EXERCISE GOAL.
In the entries that follow, find the line containing "T = 3 \<and>"; from there, copy every line exactly through the line containing "H. group.ord G".

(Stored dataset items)

(* Let $\mathcal{G}=(\mathcal{P},\mathcal{L})$ be a Fischer space with finitely many points, let $R$ be a commutative ring with $2=0$, let $A=M_R(\mathcal{G},1)$ and let $s=\sum_{p\in\mathcal{P}}p\in A$. Then $\operatorname{Ann}(A)=Rs$.
   Context: A 3-transposition group is a pair $(G,D)$ where $D$ is a single conjugacy class of involutions generating $G$ with $de$ of order at most $3$ for all $d,e\in D$. Its Fischer space $\mathcal{G}=(\mathcal{P},\mathcal{L})$ has $\mathcal{P}=D$ and as lines the $3$-subsets consisting of the three involutions of a subgroup isomorphic to $\mathrm{Sym}(3)$; since $D$ is one conjugacy class, $\mathcal{G}$ is connected. Distinct points on a common line are collinear ($p\sim q$), and $p\wedge q$ is the third point of that line. The nilpotent Matsuo algebra $A=M_R(\mathcal{G},1)$ is the free $R$-module with basis $\mathcal{P}$ and commutative bilinear product $p\cdot q=0$ if $p=q$ or $p\not\sim q$, $p\cdot q=p+q+p\wedge q$ if $p\sim q$. $\operatorname{Ann}(A)=\{v\in A: vw=0 \text{ for all } w\in A\}$. *)

theory Defs
  imports "HOL-Algebra.Algebra"
begin

text \<open>3-transposition groups (G, D): D is a single conjugacy class of involutions
generating G, and de has order at most 3 for all d, e in D.  (group.ord gives 0 for
infinite order, so we require the order to lie in {1,2,3}.)\<close>
definition three_transposition_group :: "'a monoid \<Rightarrow> 'a set \<Rightarrow> bool" where
  "three_transposition_group G D \<longleftrightarrow>
     group G \<and> D \<subseteq> carrier G \<and>
     (\<exists>d\<in>D. D = {g \<otimes>\<^bsub>G\<^esub> d \<otimes>\<^bsub>G\<^esub> inv\<^bsub>G\<^esub> g | g. g \<in> carrier G}) \<and>
     (\<forall>d\<in>D. group.ord G d = 2) \<and>
     generate G D = carrier G \<and>
     (\<forall>d\<in>D. \<forall>e\<in>D. group.ord G (d \<otimes>\<^bsub>G\<^esub> e) \<in> {1, 2, 3})"

definition fischer_lines :: "'a monoid \<Rightarrow> 'a set \<Rightarrow> 'a set set" where
  "fischer_lines G D =
     {T. T \<subseteq> D \<and> card T = 3 \<and>
         (\<exists>H. subgroup H G \<and> G\<lparr>carrier := H\<rparr> \<cong> sym_group 3 \<and>
              T = {h \<in> H. group.ord G h = 2})}"

definition collinear :: "'a monoid \<Rightarrow> 'a set \<Rightarrow> 'a \<Rightarrow> 'a \<Rightarrow> bool" where
  "collinear G D p q \<longleftrightarrow> p \<noteq> q \<and> (\<exists>l\<in>fischer_lines G D. p \<in> l \<and> q \<in> l)"

definition wedge :: "'a monoid \<Rightarrow> 'a set \<Rightarrow> 'a \<Rightarrow> 'a \<Rightarrow> 'a" where
  "wedge G D p q =
     (THE r. r \<noteq> p \<and> r \<noteq> q \<and> (\<exists>l\<in>fischer_lines G D. l = {p, q, r}))"

text \<open>Elements of the free R-module with basis D: functions vanishing outside D.\<close>
definition matsuo_carrier :: "'a set \<Rightarrow> ('a \<Rightarrow> 'r::comm_ring_1) set" where
  "matsuo_carrier D = {v. \<forall>x. x \<notin> D \<longrightarrow> v x = 0}"

definition basis_prod :: "'a monoid \<Rightarrow> 'a set \<Rightarrow> 'a \<Rightarrow> 'a \<Rightarrow> 'a \<Rightarrow> 'r::comm_ring_1" where
  "basis_prod G D p q =
     (if collinear G D p q
      then (\<lambda>x. (if x = p then 1 else 0) + (if x = q then 1 else 0)
                 + (if x = wedge G D p q then 1 else 0))
      else (\<lambda>x. 0))"

definition matsuo_mult ::
  "'a monoid \<Rightarrow> 'a set \<Rightarrow> ('a \<Rightarrow> 'r::comm_ring_1) \<Rightarrow> ('a \<Rightarrow> 'r) \<Rightarrow> ('a \<Rightarrow> 'r)" where
  "matsuo_mult G D v w = (\<lambda>x. \<Sum>p\<in>D. \<Sum>q\<in>D. v p * w q * basis_prod G D p q x)"

definition matsuo_ann :: "'a monoid \<Rightarrow> 'a set \<Rightarrow> ('a \<Rightarrow> 'r::comm_ring_1) set" where
  "matsuo_ann G D = {v \<in> matsuo_carrier D.
                       \<forall>w \<in> matsuo_carrier D. matsuo_mult G D v w = (\<lambda>_. 0)}"

definition point_sum :: "'a set \<Rightarrow> 'a \<Rightarrow> 'r::comm_ring_1" where
  "point_sum D = (\<lambda>x. if x \<in> D then 1 else 0)"

end

theory Submission
  imports Defs
begin

text \<open>
  For a line \<open>{p, q, r}\<close> the coefficient of \<open>p\<close> in \<open>v \<cdot> r\<close> is \<open>v p + v q\<close>, so in
  characteristic 2 an element of the annihilator is constant along lines, hence constant on \<open>D\<close>
  because the collinearity graph is connected: \<open>D\<close> is a generating conjugacy class, and
  conjugating a point \<open>c\<close> by \<open>d \<in> D\<close> either fixes \<open>c\<close> or, when \<open>dc\<close> has order 3 and so
  \<open>d, c\<close> generate a \<open>Sym(3)\<close>, yields the third point of the line through \<open>c\<close> and \<open>d\<close>.
  Conversely \<open>s \<cdot> q = \<Sum>\<^bsub>p \<sim> q\<^esub> (p + q + p \<and> q)\<close> vanishes, since \<open>p \<mapsto> p \<and> q\<close> is a
  fixed-point-free involution of the points collinear with \<open>q\<close> preserving the summands.
\<close>

context group
begin

lemma ord_eq_2_iff:
  assumes x: "x \<in> carrier G"
  shows "ord x = 2 \<longleftrightarrow> x \<noteq> \<one> \<and> x \<otimes> x = \<one>"
proof -
  have "x \<otimes> x = \<one> \<longleftrightarrow> ord x dvd 2"
    using pow_eq_id[OF x, of 2] x by (simp add: numeral_2_eq_2)
  moreover have "ord x dvd 2 \<longleftrightarrow> ord x = 1 \<or> ord x = 2"
    using prime_nat_iff[of 2] by auto
  ultimately show ?thesis using ord_eq_1[OF x] by auto
qed

lemma involution_inv: "x \<in> carrier G \<Longrightarrow> x \<otimes> x = \<one> \<Longrightarrow> inv x = x"
  by (simp add: inv_char)

lemma commuting_involutions_subgroup:
  assumes x: "x \<in> carrier G" and y: "y \<in> carrier G"
    and xx: "x \<otimes> x = \<one>" and yy: "y \<otimes> y = \<one>" and xy: "x \<otimes> y = y \<otimes> x"
  shows "subgroup {\<one>, x, y, x \<otimes> y} G"
proof -
  have xx': "x \<otimes> (x \<otimes> z) = z" and yy': "y \<otimes> (y \<otimes> z) = z"
    and yx': "y \<otimes> (x \<otimes> z) = x \<otimes> (y \<otimes> z)" if "z \<in> carrier G" for z
    using that x y xx yy xy by (simp_all flip: m_assoc)
  note word_simps = m_assoc xx xx' yy yy' yx' xy[symmetric] x y
  show ?thesis
  proof
    fix a b assume "a \<in> {\<one>, x, y, x \<otimes> y}" "b \<in> {\<one>, x, y, x \<otimes> y}"
    then show "a \<otimes> b \<in> {\<one>, x, y, x \<otimes> y}"
      by (simp only: insert_iff empty_iff) (elim disjE; simp add: word_simps)
  next
    fix a assume "a \<in> {\<one>, x, y, x \<otimes> y}"
    then show "inv a \<in> {\<one>, x, y, x \<otimes> y}"
      using involution_inv[OF x xx] involution_inv[OF y yy] x y by (auto simp: inv_mult_group xy)
  qed (use x y in auto)
qed

lemma sym_group_3_involutions_not_commute:
  assumes H: "subgroup H G" "G\<lparr>carrier := H\<rparr> \<cong> sym_group 3"
    and x: "x \<in> H" "ord x = 2" and y: "y \<in> H" "ord y = 2" and "x \<noteq> y"
  shows "x \<otimes> y \<noteq> y \<otimes> x"
proof
  assume comm: "x \<otimes> y = y \<otimes> x"
  have xc: "x \<in> carrier G" and yc: "y \<in> carrier G" using x y subgroup.mem_carrier[OF H(1)] by auto
  have x1: "x \<noteq> \<one>" "x \<otimes> x = \<one>" and y1: "y \<noteq> \<one>" "y \<otimes> y = \<one>"
    using x y ord_eq_2_iff xc yc by auto
  define K where "K = {\<one>, x, y, x \<otimes> y}"
  have "x \<otimes> y \<noteq> \<one>"
  proof
    assume "x \<otimes> y = \<one>"
    then have "inv y = x" using inv_equality xc yc by blast
    then show False using involution_inv[OF yc y1(2)] \<open>x \<noteq> y\<close> by simp
  qed
  moreover have "x \<otimes> y \<noteq> x" "x \<otimes> y \<noteq> y" using x1 y1 xc yc by simp_all
  ultimately have "card K = 4" using x1 y1 \<open>x \<noteq> y\<close> by (auto simp: K_def)
  have "subgroup K (G\<lparr>carrier := H\<rparr>)"
    using subgroup_incl[OF commuting_involutions_subgroup[OF xc yc x1(2) y1(2) comm] H(1)]
      x y H(1) by (auto simp: K_def intro: subgroup.m_closed subgroup.one_closed)
  then have "card K dvd order (G\<lparr>carrier := H\<rparr>)"
    by (metis dvd_triv_right group.lagrange subgroup.subgroup_is_group[OF H(1) is_group])
  moreover have "order (G\<lparr>carrier := H\<rparr>) = 6"
    using iso_same_card[OF H(2)] by (simp add: order_def sym_group_card_carrier fact_numeral)
  ultimately show False using \<open>card K = 4\<close> by simp
qed

end

lemma transpose_12_23_relations:
  fixes f :: "nat \<Rightarrow> nat"
  defines "s \<equiv> Transposition.transpose (1::nat) 2" and "t \<equiv> Transposition.transpose (2::nat) 3"
  shows "s \<circ> s = id" "s \<circ> (s \<circ> f) = f" "t \<circ> t = id" "t \<circ> (t \<circ> f) = f"
    "t \<circ> (s \<circ> t) = s \<circ> (t \<circ> s)" "t \<circ> (s \<circ> (t \<circ> f)) = s \<circ> (t \<circ> (s \<circ> f))"
  by (auto simp: fun_eq_iff s_def t_def transpose_def)

locale involution_pair_order_3 = group +
  fixes d e
  assumes d: "d \<in> carrier G" and e: "e \<in> carrier G"
    and ord_d: "ord d = 2" and ord_e: "ord e = 2" and ord_de: "ord (d \<otimes> e) = 3"
begin

definition dihedral :: "'a set" where
  "dihedral = {\<one>, d, e, d \<otimes> e, e \<otimes> d, d \<otimes> (e \<otimes> d)}"

lemma d_sq: "d \<otimes> d = \<one>" and e_sq: "e \<otimes> e = \<one>" and d_neq_one: "d \<noteq> \<one>" and e_neq_one: "e \<noteq> \<one>"
  using ord_eq_2_iff d e ord_d ord_e by auto

lemma de_cube: "d \<otimes> (e \<otimes> (d \<otimes> (e \<otimes> (d \<otimes> e)))) = \<one>"
  using pow_eq_id[of "d \<otimes> e" 3] d e ord_de by (simp add: numeral_3_eq_3 m_assoc)

lemma braid: "e \<otimes> (d \<otimes> e) = d \<otimes> (e \<otimes> d)"
proof -
  have "inv (e \<otimes> (d \<otimes> e)) = d \<otimes> (e \<otimes> d)"
    by (rule inv_equality) (use de_cube d e in \<open>simp_all add: m_assoc\<close>)
  moreover have "inv (e \<otimes> (d \<otimes> e)) = e \<otimes> (d \<otimes> e)"
    using d e involution_inv[OF d d_sq] involution_inv[OF e e_sq] by (simp add: inv_mult_group m_assoc)
  ultimately show ?thesis by simp
qed

lemma cancel_d: "d \<otimes> (d \<otimes> z) = z" and cancel_e: "e \<otimes> (e \<otimes> z) = z"
  and braid': "e \<otimes> (d \<otimes> (e \<otimes> z)) = d \<otimes> (e \<otimes> (d \<otimes> z))" if "z \<in> carrier G"
  using that d e d_sq e_sq braid by (simp_all flip: m_assoc)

WRITTEN SOLUTION.
     {T. T \<subseteq> D \<and> card T = 3 \<and>
         (\<exists>H. subgroup H G \<and> G\<lparr>carrier := H\<rparr> \<cong> sym_group 3 \<and>
              T = {h \<in> H. group.ord G h = 2})}"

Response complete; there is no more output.